What is needed:
Exactly how many lines below mention "rule"? Answer with that number alone.

Data shown:
**********

(* Let $\tau>0$, $\delta>0$ and $\kappa\in(0,1)$, and let $H':\mathbb{R}\to\mathbb{R}$ be the trilinear function $$H'(x)=\begin{cases} x+1 & x\le -\kappa,\\ -\frac{1-\kappa}{\kappa}\,x & -\kappa\le x\le \kappa,\\ x-1 & x\ge \kappa.\end{cases}$$ Consider the equation $$\tau\,\partial_t x(t,p)=\sigma(t)+\delta\,(p-\tfrac12)-H'\big(x(t,p)\big).\qquad (\ast)$$ Then $(\ast)$ admits two families of traveling wave solutions, left moving ($\Omega<0$) and right moving ($\Omega>0$), of the form $$x_{\mathrm{TW}}(t,p)=X(P),\qquad P=p-\Omega t,\qquad \sigma_{\mathrm{TW}}(t)=\Sigma-\delta\,(\Omega t-\tfrac12),$$ which are strictly increasing with respect to $p$. They are given as follows, for real numbers $\Xi_-<\Xi_+$. For $\Omega<0$: $X=X_L$ and $\Sigma=\Sigma_L$, where $$X_L(P)=\begin{cases}-\kappa+\delta(P-\Xi_-) & P\le \Xi_-,\\[2pt] -\kappa-\dfrac{\kappa\delta}{1-\kappa}(P-\Xi_-)-\dfrac{\kappa\tau\Omega\delta}{(1-\kappa)^2}\Big(\exp\Big(-\dfrac{1-\kappa}{\kappa\tau\Omega}(P-\Xi_-)\Big)-1\Big) & \Xi_-\le P\le \Xi_+,\\[2pt] \kappa+\delta(P-\Xi_+)+\big(2(1-\kappa)+\delta(\Xi_+-\Xi_-)\big)\Big(1-\exp\Big(\dfrac{P-\Xi_+}{\tau\Omega}\Big)\Big) & \Xi_+\le P,\end{cases}$$ $$\Sigma_L=1-\kappa-\tau\Omega\delta-\delta\,\Xi_-.$$ For $\Omega>0$: $X=X_R$ and $\Sigma=\Sigma_R$, where $$X_R(P)=\begin{cases}-\kappa+\delta(P-\Xi_-)+\big(2(1-\kappa)+\delta(\Xi_+-\Xi_-)\big)\Big(-1+\exp\Big(\dfrac{P-\Xi_-}{\tau\Omega}\Big)\Big) & P\le \Xi_-,\\[2pt] \kappa-\dfrac{\kappa\delta}{1-\kappa}(P-\Xi_+)-\dfrac{\kappa\tau\Omega\delta}{(1-\kappa)^2}\Big(\exp\Big(-\dfrac{1-\kappa}{\kappa\tau\Omega}(P-\Xi_+)\Big)-1\Big) & \Xi_-\le P\le \Xi_+,\\[2pt] \kappa+\delta(P-\Xi_+) & \Xi_+\le P,\end{cases}$$ $$\Sigma_R=-1+\kappa-\tau\Omega\delta-\delta\,\Xi_+.$$ In both cases this holds provided that the transcendental equation $$\frac{2(1-\kappa)^2}{\tau|\Omega|\delta}+\frac{1-\kappa}{\tau|\Omega|}\,(\Xi_+-\Xi_-)=\exp\Big(\frac{1-\kappa}{\kappa\tau|\Omega|}(\Xi_+-\Xi_-)\Big)-1$$ is satisfied. In particular, the wave speed $\Omega$ can be regarded as the independent parameter: it determines the interface width $\Xi_+-\Xi_-$ but not the interface position $\tfrac12(\Xi_-+\Xi_+)$.
   Context: The equation $(\ast)$ is considered here with the index variable $p$ ranging over $\mathbb{R}$ and the function $\sigma$ prescribed as stated; no integral (mean-field) constraint is imposed on the solution. The parameter $\tau>0$ is a relaxation time, $\delta>0$ is the strength of a linear disorder function $\theta(p)=\delta(p-\tfrac12)$, and $[-\kappa,\kappa]$ is the spinodal region of $H'$. For the traveling waves, $X(P)<-\kappa$ for $P<\Xi_-$, $X(P)\in(-\kappa,\kappa)$ for $\Xi_-<P<\Xi_+$, and $X(P)>\kappa$ for $P>\Xi_+$. *)

theory Defs
  imports "HOL-Analysis.Analysis"
begin

definition Hprime :: "real \<Rightarrow> real \<Rightarrow> real" where
  "Hprime \<kappa> x = (if x \<le> -\<kappa> then x + 1
                   else if x \<le> \<kappa> then - ((1 - \<kappa>) / \<kappa>) * x
                   else x - 1)"

definition X_L :: "real \<Rightarrow> real \<Rightarrow> real \<Rightarrow> real \<Rightarrow> real \<Rightarrow> real \<Rightarrow> real \<Rightarrow> real" where
  "X_L \<tau> \<delta> \<kappa> \<Omega> \<Xi>m \<Xi>p P =
    (if P \<le> \<Xi>m then - \<kappa> + \<delta> * (P - \<Xi>m)
     else if P \<le> \<Xi>p then
       - \<kappa> - (\<kappa> * \<delta> / (1 - \<kappa>)) * (P - \<Xi>m)
         - (\<kappa> * \<tau> * \<Omega> * \<delta> / (1 - \<kappa>)\<^sup>2)
           * (exp (- ((1 - \<kappa>) / (\<kappa> * \<tau> * \<Omega>)) * (P - \<Xi>m)) - 1)
     else \<kappa> + \<delta> * (P - \<Xi>p)
       + (2 * (1 - \<kappa>) + \<delta> * (\<Xi>p - \<Xi>m)) * (1 - exp ((P - \<Xi>p) / (\<tau> * \<Omega>))))"

definition Sigma_L :: "real \<Rightarrow> real \<Rightarrow> real \<Rightarrow> real \<Rightarrow> real \<Rightarrow> real" where
  "Sigma_L \<tau> \<delta> \<kappa> \<Omega> \<Xi>m = 1 - \<kappa> - \<tau> * \<Omega> * \<delta> - \<delta> * \<Xi>m"

definition X_R :: "real \<Rightarrow> real \<Rightarrow> real \<Rightarrow> real \<Rightarrow> real \<Rightarrow> real \<Rightarrow> real \<Rightarrow> real" where
  "X_R \<tau> \<delta> \<kappa> \<Omega> \<Xi>m \<Xi>p P =
    (if P \<le> \<Xi>m then - \<kappa> + \<delta> * (P - \<Xi>m)
       + (2 * (1 - \<kappa>) + \<delta> * (\<Xi>p - \<Xi>m)) * (-1 + exp ((P - \<Xi>m) / (\<tau> * \<Omega>)))
     else if P \<le> \<Xi>p then
       \<kappa> - (\<kappa> * \<delta> / (1 - \<kappa>)) * (P - \<Xi>p)
         - (\<kappa> * \<tau> * \<Omega> * \<delta> / (1 - \<kappa>)\<^sup>2)
           * (exp (- ((1 - \<kappa>) / (\<kappa> * \<tau> * \<Omega>)) * (P - \<Xi>p)) - 1)
     else \<kappa> + \<delta> * (P - \<Xi>p))"

definition Sigma_R :: "real \<Rightarrow> real \<Rightarrow> real \<Rightarrow> real \<Rightarrow> real \<Rightarrow> real" where
  "Sigma_R \<tau> \<delta> \<kappa> \<Omega> \<Xi>p = -1 + \<kappa> - \<tau> * \<Omega> * \<delta> - \<delta> * \<Xi>p"

definition X_TW :: "real \<Rightarrow> real \<Rightarrow> real \<Rightarrow> real \<Rightarrow> real \<Rightarrow> real \<Rightarrow> real \<Rightarrow> real" where
  "X_TW \<tau> \<delta> \<kappa> \<Omega> \<Xi>m \<Xi>p =
    (if \<Omega> < 0 then X_L \<tau> \<delta> \<kappa> \<Omega> \<Xi>m \<Xi>p else X_R \<tau> \<delta> \<kappa> \<Omega> \<Xi>m \<Xi>p)"

definition Sigma_TW :: "real \<Rightarrow> real \<Rightarrow> real \<Rightarrow> real \<Rightarrow> real \<Rightarrow> real \<Rightarrow> real" where
  "Sigma_TW \<tau> \<delta> \<kappa> \<Omega> \<Xi>m \<Xi>p =
    (if \<Omega> < 0 then Sigma_L \<tau> \<delta> \<kappa> \<Omega> \<Xi>m else Sigma_R \<tau> \<delta> \<kappa> \<Omega> \<Xi>p)"

end

theory Submission
  imports Defs
begin

text \<open>Substituting x(t,p) = X(p - \<Omega> t) and \<sigma>(t) = \<Sigma> - \<delta>(\<Omega> t - 1/2) turns the equation
  into the profile equation -\<tau> \<Omega> X' = \<Sigma> + \<delta> P - H'(X). On each of the three phases H' is
  affine, so there the profile equation is a linear ODE with constant coefficients and affine
  forcing, solved by an affine function plus an exponential; these are the three branches of X_L
  and X_R. Each branch is anchored at an interface point, where it takes the value -\<kappa> or \<kappa>;
  that the spinodal branch also reaches the right value at the other interface point is exactly
  the transcendental equation. Continuity of X' at \<Xi>- and \<Xi>+ is then automatic, because H' is
  continuous and adjacent branches solve the profile equation with equal values there. Finally
  X' > 0, so X crosses -\<kappa> and \<kappa> exactly at \<Xi>- and \<Xi>+, which confirms that each branch
  was solved with the correct branch of H'.\<close>

definition increasing_wave_profile ::
    "real \<Rightarrow> real \<Rightarrow> real \<Rightarrow> real \<Rightarrow> real \<Rightarrow> (real \<Rightarrow> real) \<Rightarrow> bool" where
  "increasing_wave_profile \<tau> \<delta> \<kappa> \<Omega> \<Sigma> X \<longleftrightarrow>
     (\<forall>P. \<exists>D>0. (X has_real_derivative D) (at P) \<and>
                - (\<tau> * \<Omega> * D) = \<Sigma> + \<delta> * P - Hprime \<kappa> (X P))"

lemma DERIV_pos_imp_strict_mono:
  fixes f :: "real \<Rightarrow> real"
  assumes "\<And>x. \<exists>D>0. (f has_real_derivative D) (at x)"
  shows "strict_mono f"
  by (rule strict_monoI) (meson DERIV_pos_imp_increasing assms)

lemma has_real_derivative_if_le:
  fixes f g f' g' :: "real \<Rightarrow> real"
  assumes "\<And>x. (f has_real_derivative f' x) (at x)" "\<And>x. (g has_real_derivative g' x) (at x)"
    and "f a = g a" "f' a = g' a"
  shows "((\<lambda>x. if x \<le> a then f x else g x) has_real_derivative (if x \<le> a then f' x else g' x)) (at x)"
proof -
  have "((\<lambda>x. if x \<in> {..a} then f x else g x) has_vector_derivative (if x \<in> {..a} then f' x else g' x))
     (at x within UNIV)"
    by (rule has_vector_derivative_If_within_closures[where T="{a<..}"])
      (use assms in \<open>auto simp: has_real_derivative_iff_has_vector_derivative[symmetric]
                               intro: has_field_derivative_at_within\<close>)
  then show ?thesis by (simp add: has_real_derivative_iff_has_vector_derivative)
qed

lemma Hprime_along_increasing:
  fixes X :: "real \<Rightarrow> real"
  assumes "strict_mono X" "X \<Xi>m = - \<kappa>" "X \<Xi>p = \<kappa>"
  shows "Hprime \<kappa> (X P) = (if P \<le> \<Xi>m then X P + 1
                           else if P \<le> \<Xi>p then - ((1 - \<kappa>) / \<kappa>) * X P else X P - 1)"
  using strict_mono_less_eq[OF assms(1), of P \<Xi>m] strict_mono_less_eq[OF assms(1), of P \<Xi>p] assms(2,3)
  by (simp add: Hprime_def)

lemma increasing_wave_profile_strict_mono:
  "increasing_wave_profile \<tau> \<delta> \<kappa> \<Omega> \<Sigma> X \<Longrightarrow> strict_mono X"
  unfolding increasing_wave_profile_def by (meson DERIV_pos_imp_strict_mono)

lemma traveling_wave_has_real_derivative:
  assumes "\<tau> \<noteq> 0" and X: "increasing_wave_profile \<tau> \<delta> \<kappa> \<Omega> \<Sigma> X"
  shows "((\<lambda>s. X (p - \<Omega> * s)) has_real_derivative
           ((\<Sigma> - \<delta> * (\<Omega> * t - 1 / 2)) + \<delta> * (p - 1 / 2) - Hprime \<kappa> (X (p - \<Omega> * t))) / \<tau>) (at t)"
proof -
  obtain D where D: "(X has_real_derivative D) (at (p - \<Omega> * t))"
    and ode: "- (\<tau> * \<Omega> * D) = \<Sigma> + \<delta> * (p - \<Omega> * t) - Hprime \<kappa> (X (p - \<Omega> * t))"
    using X unfolding increasing_wave_profile_def by blast
  have "((\<lambda>s. X (p - \<Omega> * s)) has_real_derivative D * (- \<Omega>)) (at t)"
    by (rule DERIV_chain2[where g = "\<lambda>s. p - \<Omega> * s", OF D]) (auto intro!: derivative_eq_intros)
  moreover have "D * (- \<Omega>) = ((\<Sigma> - \<delta> * (\<Omega> * t - 1 / 2)) + \<delta> * (p - 1 / 2) - Hprime \<kappa> (X (p - \<Omega> * t))) / \<tau>"
    using ode assms(1) by (simp add: field_simps)
  ultimately show ?thesis by simp
qed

**********

Result of the exercise:
3